2005 North Carolina Code - General Statutes Article 12 - Transfer of Assets.

Article 12.

Transfer of Assets.

§ 55‑12‑01.  Sale of assets in regular course of business and mortgage of assets.

(a)       A mortgage of or other security interest in all or any part of the property of a corporation may be made by authority of the board of directors without approval of the shareholders, unless otherwise provided in the articles of incorporation or in bylaws adopted by the shareholders.

(b)       Unless otherwise provided in the articles of incorporation or in bylaws adopted by the shareholders, a corporation may, on the terms and conditions and for the consideration determined by the board of directors, and without approval by the shareholders:

(1)       Sell, lease, exchange, or otherwise dispose of all, or substantially all, of its property in the usual and regular course of business; or

(2)       Transfer any or all of its property to a corporation or an unincorporated entity all the shares or ownership interests of which are owned by the corporation. (1925, c. 235; 1929, c. 269; 1939, c. 279; G.S., s. 55‑26; 1955, c. 1371, s. 1; 1989, c. 265, s. 1; 2001‑508, s. 1.)

 

§ 55‑12‑02.  Sale of assets other than in regular course of business.

(a)       A corporation may sell, lease, exchange, or otherwise dispose of all, or substantially all, of its property, otherwise than in the usual and regular course of business, on the terms and conditions and for the consideration determined by the corporation's board of directors, if the board of directors proposes and its shareholders approve the proposed transaction.

(b)       For a transaction to be authorized:

(1)       The board of directors must recommend the proposed transaction to the shareholders unless the board of directors determines that because of conflict of interest or other special circumstances it should make no recommendation, in which event the board of directors must communicate the basis for its lack of a recommendation to the shareholders with the submission of the proposed transaction; and

(2)       The shareholders entitled to vote must approve the transaction.
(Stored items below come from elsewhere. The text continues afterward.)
lemma tdeg_leading:
  assumes "tpoly p" "\<exists>i. p i \<noteq> 0"
  shows "p (tdeg p) \<noteq> 0" and "\<And>i. tdeg p < i \<Longrightarrow> p i = 0"
proof -
  have fin: "finite {i. p i \<noteq> 0}" using assms(1) by (simp add: tpoly_def)
  have ne: "{i. p i \<noteq> 0} \<noteq> {}" using assms(2) by auto
  have deg: "tdeg p = Max {i. p i \<noteq> 0}" using assms(2) by (auto simp: tdeg_def)
  show "p (tdeg p) \<noteq> 0" using Max_in[OF fin ne] deg by simp
  show "p i = 0" if "tdeg p < i" for i using Max_ge[OF fin, of i] deg that by fastforce
qed

lemma tdeg_pos_nonzero: "0 < tdeg p \<Longrightarrow> \<exists>i. p i \<noteq> 0"
  by (auto simp: tdeg_def split: if_splits)

lemma tdeg_0_eq_tconst:
  assumes "tpoly p" "tdeg p = 0"
  shows "p = tconst (p 0)"
proof (cases "\<exists>i. p i \<noteq> 0")
  case True
  then show ?thesis using tdeg_leading[OF assms(1) True] assms(2) by (auto simp: tconst_def)
qed (auto simp: tconst_def)

lemma thprod_coeff: "e \<in> thprod p q \<Longrightarrow> e i \<in> thsum_list (map (\<lambda>k. p k * q (i - k)) [0..<Suc i])"
  by (simp add: thprod_def)

lemma thprod_tpoly: "e \<in> thprod p q \<Longrightarrow> tpoly e"
  by (simp add: thprod_def)

lemma thprod_tconst_left:
  assumes "tpoly q" "0 \<le> c"
  shows "thprod (tconst c) q = {\<lambda>i. c * q i}"
proof -
  have "thsum_list (map (\<lambda>k. tconst c k * q (i - k)) [0..<Suc i]) = {c * q i}" for i
    by (subst thsum_list_two_terms[where k=0 and l="Suc i"])
       (use assms in \<open>auto simp: tconst_def tpoly_nonneg\<close>)
  then show ?thesis using tpoly_scale[OF assms] by (auto simp: thprod_def)
qed

lemma thprod_tconst_right:
  assumes "tpoly p" "0 \<le> c" "e \<in> thprod p (tconst c)"
  shows "e = (\<lambda>i. c * p i)"
proof
  fix i
  have "e i \<in> thsum_list (map (\<lambda>k. p k * tconst c (i - k)) [0..<Suc i])"
    using thprod_coeff[OF assms(3)] .
  also have "\<dots> = {p i * c}"
    by (subst thsum_list_two_terms[where k=i and l="Suc i"])
       (use assms in \<open>auto simp: tconst_def tpoly_nonneg\<close>)
  finally show "e i = c * p i" by simp
qed

lemma thprod_zero:
  assumes "e \<in> thprod p q" "(\<forall>i. p i = 0) \<or> (\<forall>i. q i = 0)"
  shows "e i = 0"
proof -
  have "e i \<in> thsum_list (map (\<lambda>k. p k * q (i - k)) [0..<Suc i])"
    using thprod_coeff[OF assms(1)] .
  also have "\<dots> = {0}"
    by (subst thsum_list_two_terms[where k="Suc i" and l="Suc (Suc i)"]) (use assms(2) in auto)
  finally show ?thesis by simp
qed
text \<open>The superellipse is the image of the closed curve
  \<open>\<gamma>(\<theta>) = (cos \<theta>, sin \<theta>) / \<parallel>(cos \<theta>, sin \<theta>)\<parallel>\<^sub>p\<close>, \<open>\<theta> \<in> [0, 2\<pi>]\<close>, and the polygon
  \<open>P\<^sub>p\<^sub>,\<^sub>k\<close> is inscribed in \<open>\<gamma>\<close> at the angles \<open>2t\<pi>/k\<close>. By uniform continuity of \<open>\<gamma>\<close>,
  once the mesh \<open>2\<pi>/k\<close> is small every edge is shorter than \<open>\<epsilon>\<close>; so each point of an edge
  is \<open>\<epsilon>\<close>-close to its first vertex, which lies on the curve, and each point of the curve is
  \<open>\<epsilon>\<close>-close to the vertex preceding it. Two-sided \<open>\<epsilon>\<close>-closeness passes to convex hulls,
  because the neighbourhood \<open>C + cball 0 \<epsilon>'\<close> of a convex set \<open>C\<close> is convex.\<close>

definition hausdorff_close :: "real \<Rightarrow> ('a::metric_space) set \<Rightarrow> 'a set \<Rightarrow> bool" where
  "hausdorff_close e A B \<longleftrightarrow> (\<forall>x\<in>A. infdist x B \<le> e) \<and> (\<forall>y\<in>B. infdist y A \<le> e)"

text \<open>Nonemptiness matters: a real \<open>SUP\<close> over the empty set is an unspecified value.\<close>

lemma abs_hausdorff_dist_le:
  fixes A B :: "'a::metric_space set"
  assumes "A \<noteq> {}" "B \<noteq> {}" "hausdorff_close e A B"
  shows "\<bar>hausdorff_dist A B\<bar> \<le> e"
proof -
  have AB: "(SUP x\<in>A. infdist x B) \<le> e" and BA: "(SUP y\<in>B. infdist y A) \<le> e"
    using assms unfolding hausdorff_close_def by (auto intro: cSUP_least)
  obtain x where x: "x \<in> A" using assms(1) by blast
  have "bdd_above ((\<lambda>x. infdist x B) ` A)"
    using assms(3) unfolding hausdorff_close_def by (auto intro: bdd_aboveI2)
  then have "0 \<le> (SUP x\<in>A. infdist x B)"
    using x infdist_nonneg by (rule cSUP_upper2)
  with AB BA show ?thesis unfolding hausdorff_dist_def by auto
qed

lemma hausdorff_dist_tendsto_zero:
  fixes A B :: "'b \<Rightarrow> 'a::metric_space set"
  assumes "\<And>e. e > 0 \<Longrightarrow>
    \<forall>\<^sub>F n in F. A n \<noteq> {} \<and> B n \<noteq> {} \<and> hausdorff_close e (A n) (B n)"
  shows "((\<lambda>n. hausdorff_dist (A n) (B n)) \<longlongrightarrow> 0) F"
proof (rule tendstoI)
  fix e :: real assume "e > 0"
  then have "\<forall>\<^sub>F n in F. A n \<noteq> {} \<and> B n \<noteq> {} \<and> hausdorff_close (e / 2) (A n) (B n)"
    using assms by simp
  then show "\<forall>\<^sub>F n in F. dist (hausdorff_dist (A n) (B n)) 0 < e"
  proof eventually_elim
    case (elim n)
    then have "\<bar>hausdorff_dist (A n) (B n)\<bar> \<le> e / 2" by (intro abs_hausdorff_dist_le) auto
    with \<open>e > 0\<close> show ?case by simp
  qed
qed
(* Let $(\mathcal G,\lambda)$ be a small morphism-colored groupoid satisfying the inverse-compatibility condition, and let $\varpi(\mathcal G,\lambda)=(\bar\lambda,s_1)$ be the morphism-colored functor from $(\mathcal G,\lambda)$ to the discrete morphism-colored category $(\mathcal U(\mathcal G,\lambda),\mathrm{id})$. Then for every category $\mathcal C$ and every morphism-colored functor $(F,\gamma)$ from $(\mathcal G,\lambda)$ to the discrete morphism-colored category $(\mathcal C,\mathrm{id})$, there exists a unique morphism-colored functor $(\check F,\check\gamma)$ from $(\mathcal U(\mathcal G,\lambda),\mathrm{id})$ to $(\mathcal C,\mathrm{id})$ such that $(\check F,\check\gamma)\circ\varpi(\mathcal G,\lambda)=(F,\gamma)$, i.e. $\check F\circ\bar\lambda=F$ and $\check\gamma\circ s_1=\gamma$.
   Context: A morphism-colored category is a pair $(\mathcal C,\lambda)$ where $\mathcal C$ is a category and $\lambda$ assigns to each morphism $f$ of $\mathcal C$ a "color" $\lambda(f)$, such that: whenever $g,f_1,f_2\in\mathrm{Mor}(\mathcal C)$ with $(f_1,f_2)$ composable satisfy $\lambda(g)=\lambda(f_1\circ f_2)$, there exist composable $g_1,g_2$ with $g=g_1\circ g_2$, $\lambda(g_1)=\lambda(f_1)$, $\lambda(g_2)=\lambda(f_2)$. It is a morphism-colored groupoid if $\mathcal C$ is a groupoid, and small if $\mathcal C$ is small and $\lambda$ is a map into a set. For any category $\mathcal C$, $(\mathcal C,\mathrm{id})$ (each morphism colored by itself) is the discrete morphism-colored category. A morphism-colored functor $(F,\gamma):(\mathcal C,\lambda)\to(\mathcal C',\lambda')$ is a functor $F:\mathcal C\to\mathcal C'$ together with a map $\gamma$ on colors such that $\gamma(\lambda(f))=\lambda'(F(f))$ for every morphism $f$ of $\mathcal C$; composition is $(F',\gamma')\circ(F,\gamma)=(F'\circ F,\gamma'\circ\gamma)$. Standing setup: $(\mathcal G,\lambda)$ small morphism-colored groupoid, $\lambda:\mathrm{Mor}(\mathcal G)\to I$, with inverse-compatibility: $\lambda(f)=\lambda(g)\Rightarrow\lambda(f^{-1})=\lambda(g^{-1})$. $I_1=\lambda(\mathrm{Mor}(\mathcal G))$, $\lambda_1:\mathrm{Mor}(\mathcal G)\to I_1$ the corestriction of $\lambda$; $I_0=\{\lambda(\mathrm{id}_x)\}$, $\lambda_0(x)=\lambda(\mathrm{id}_x)$. The equivalence relation $\overset{1}{\sim}$ on $I_1$ is generated by the declaration $\lambda(f_1\circ\cdots\circ f_l)\overset{1}{\sim}\lambda(g_1\circ\cdots\circ g_l)$ for composable sequences with $\lambda(f_i)=\lambda(g_i)$ for all $i$ (this declaration is already an equivalence relation); $s_1:I_1\to\bar I_1$ is the quotient. The equivalence relation $\overset{0}{\sim}$ on $I_0$ is given by $\lambda_0(\mathrm{source}(f))\overset{0}{\sim}\lambda_0(\mathrm{source}(g))$ whenever $(s_1\circ\lambda_1)(f)=(s_1\circ\lambda_1)(g)$; $s_0:I_0\to\bar I_0$ is the quotient. $\mathcal U(\mathcal G,\lambda)$ is the groupoid with objects $\bar I_0$, morphisms $\bar I_1$, source/target of $(s_1\circ\lambda_1)(f)$ equal to $(s_0\circ\lambda_0)$ of source/target of $f$, and composition $(s_1\lambda_1)(f)\circ(s_1\lambda_1)(g)=(s_1\lambda_1)(f\circ g)$. The functor $\bar\lambda:\mathcal G\to\mathcal U(\mathcal G,\lambda)$ is $\bar\lambda(x)=(s_0\circ\lambda_0)(x)$, $\bar\lambda(f)=(s_1\circ\lambda_1)(f)$, and $\varpi(\mathcal G,\lambda):=(\bar\lambda,s_1)$. *)

theory Defs
  imports Main
begin

record ('o, 'm) cat =
  Obj :: "'o set"
  Mor :: "'m set"
  Dom :: "'m \<Rightarrow> 'o"
  Cod :: "'m \<Rightarrow> 'o"
  Ide :: "'o \<Rightarrow> 'm"
  Comp :: "'m \<Rightarrow> 'm \<Rightarrow> 'm"   (* Comp C f g = f \<circ> g, defined when Dom f = Cod g *)

definition category :: "('o, 'm) cat \<Rightarrow> bool" where
  "category C \<longleftrightarrow>
     (\<forall>f\<in>Mor C. Dom C f \<in> Obj C \<and> Cod C f \<in> Obj C) \<and>
     (\<forall>x\<in>Obj C. Ide C x \<in> Mor C \<and> Dom C (Ide C x) = x \<and> Cod C (Ide C x) = x) \<and>
     (\<forall>f\<in>Mor C. \<forall>g\<in>Mor C. Dom C f = Cod C g \<longrightarrow>
        Comp C f g \<in> Mor C \<and> Dom C (Comp C f g) = Dom C g \<and> Cod C (Comp C f g) = Cod C f) \<and>
     (\<forall>f\<in>Mor C. Comp C (Ide C (Cod C f)) f = f \<and> Comp C f (Ide C (Dom C f)) = f) \<and>
     (\<forall>f\<in>Mor C. \<forall>g\<in>Mor C. \<forall>h\<in>Mor C. Dom C f = Cod C g \<longrightarrow> Dom C g = Cod C h \<longrightarrow>
        Comp C (Comp C f g) h = Comp C f (Comp C g h))"

definition is_inverse :: "('o, 'm) cat \<Rightarrow> 'm \<Rightarrow> 'm \<Rightarrow> bool" where
  "is_inverse C f g \<longleftrightarrow> g \<in> Mor C \<and> Dom C g = Cod C f \<and> Cod C g = Dom C f \<and>
     Comp C f g = Ide C (Cod C f) \<and> Comp C g f = Ide C (Dom C f)"

definition groupoid :: "('o, 'm) cat \<Rightarrow> bool" where
  "groupoid C \<longleftrightarrow> category C \<and> (\<forall>f\<in>Mor C. \<exists>g. is_inverse C f g)"

definition inv_mor :: "('o, 'm) cat \<Rightarrow> 'm \<Rightarrow> 'm" where
  "inv_mor C f = (SOME g. is_inverse C f g)"

definition "functor" :: "('o, 'm) cat \<Rightarrow> ('p, 'n) cat \<Rightarrow> ('o \<Rightarrow> 'p) \<Rightarrow> ('m \<Rightarrow> 'n) \<Rightarrow> bool" where
  "functor C D Fo Fm \<longleftrightarrow> category C \<and> category D \<and>
     (\<forall>x\<in>Obj C. Fo x \<in> Obj D) \<and>
     (\<forall>f\<in>Mor C. Fm f \<in> Mor D \<and> Dom D (Fm f) = Fo (Dom C f) \<and> Cod D (Fm f) = Fo (Cod C f)) \<and>
     (\<forall>x\<in>Obj C. Fm (Ide C x) = Ide D (Fo x)) \<and>
     (\<forall>f\<in>Mor C. \<forall>g\<in>Mor C. Dom C f = Cod C g \<longrightarrow> Fm (Comp C f g) = Comp D (Fm f) (Fm g))"

definition mc_category :: "('o, 'm) cat \<Rightarrow> ('m \<Rightarrow> 'c) \<Rightarrow> bool" where
  "mc_category C lam \<longleftrightarrow> category C \<and>
     (\<forall>g\<in>Mor C. \<forall>f1\<in>Mor C. \<forall>f2\<in>Mor C.
        Dom C f1 = Cod C f2 \<and> lam g = lam (Comp C f1 f2) \<longrightarrow>
        (\<exists>g1\<in>Mor C. \<exists>g2\<in>Mor C. Dom C g1 = Cod C g2 \<and> g = Comp C g1 g2 \<and>
            lam g1 = lam f1 \<and> lam g2 = lam f2))"

definition mc_groupoid :: "('o, 'm) cat \<Rightarrow> ('m \<Rightarrow> 'c) \<Rightarrow> bool" where
  "mc_groupoid C lam \<longleftrightarrow> mc_category C lam \<and> groupoid C"

definition mc_functor ::
  "('o, 'm) cat \<Rightarrow> ('m \<Rightarrow> 'c) \<Rightarrow> ('p, 'n) cat \<Rightarrow> ('n \<Rightarrow> 'd) \<Rightarrow>
   ('o \<Rightarrow> 'p) \<Rightarrow> ('m \<Rightarrow> 'n) \<Rightarrow> ('c \<Rightarrow> 'd) \<Rightarrow> bool" where
  "mc_functor C lam D lam' Fo Fm gam \<longleftrightarrow>
     mc_category C lam \<and> mc_category D lam' \<and> functor C D Fo Fm \<and>
     (\<forall>f\<in>Mor C. gam (lam f) = lam' (Fm f))"

definition inverse_compatible :: "('o, 'm) cat \<Rightarrow> ('m \<Rightarrow> 'c) \<Rightarrow> bool" where
  "inverse_compatible G lam \<longleftrightarrow>
     (\<forall>f\<in>Mor G. \<forall>g\<in>Mor G. lam f = lam g \<longrightarrow> lam (inv_mor G f) = lam (inv_mor G g))"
(c)       The board of directors may condition its submission of the proposed transaction on any basis.

(d)       The corporation shall notify each shareholder, whether or not entitled to vote, of the proposed shareholders' meeting in accordance with G.S. 55‑7‑05.  The notice must also state that the purpose, or one of the purposes, of the meeting is to consider the sale, lease, exchange, or other disposition of all, or substantially all, the property of the corporation and contain or be accompanied by a description of the transaction.

(e)       Unless the articles of incorporation, a bylaw adopted by the shareholders, Article 9 or the board of directors (acting pursuant to subsection (c)) require a greater vote or a vote by voting groups, the transaction to be authorized must be approved by a majority of all the votes entitled to be cast on the transaction.

(f)        After a sale, lease, exchange, or other disposition of property is authorized, the transaction may be abandoned (subject to any contractual rights) without further shareholder action.

(g)       A transaction that constitutes a distribution is governed by G.S. 55‑6‑40 and not by this section. (1925, c. 235; 1929, c. 269; 1939, c. 279; G.S., s. 55‑26; 1955, c. 1371, s. 1; 1989, c. 265, s. 1.)

 

§ 55‑12‑03.  Article 9 to control.

Nothing in this Article shall be construed to modify in any manner the provisions or applicability of Article 9. (1989, c. 265, s. 1.)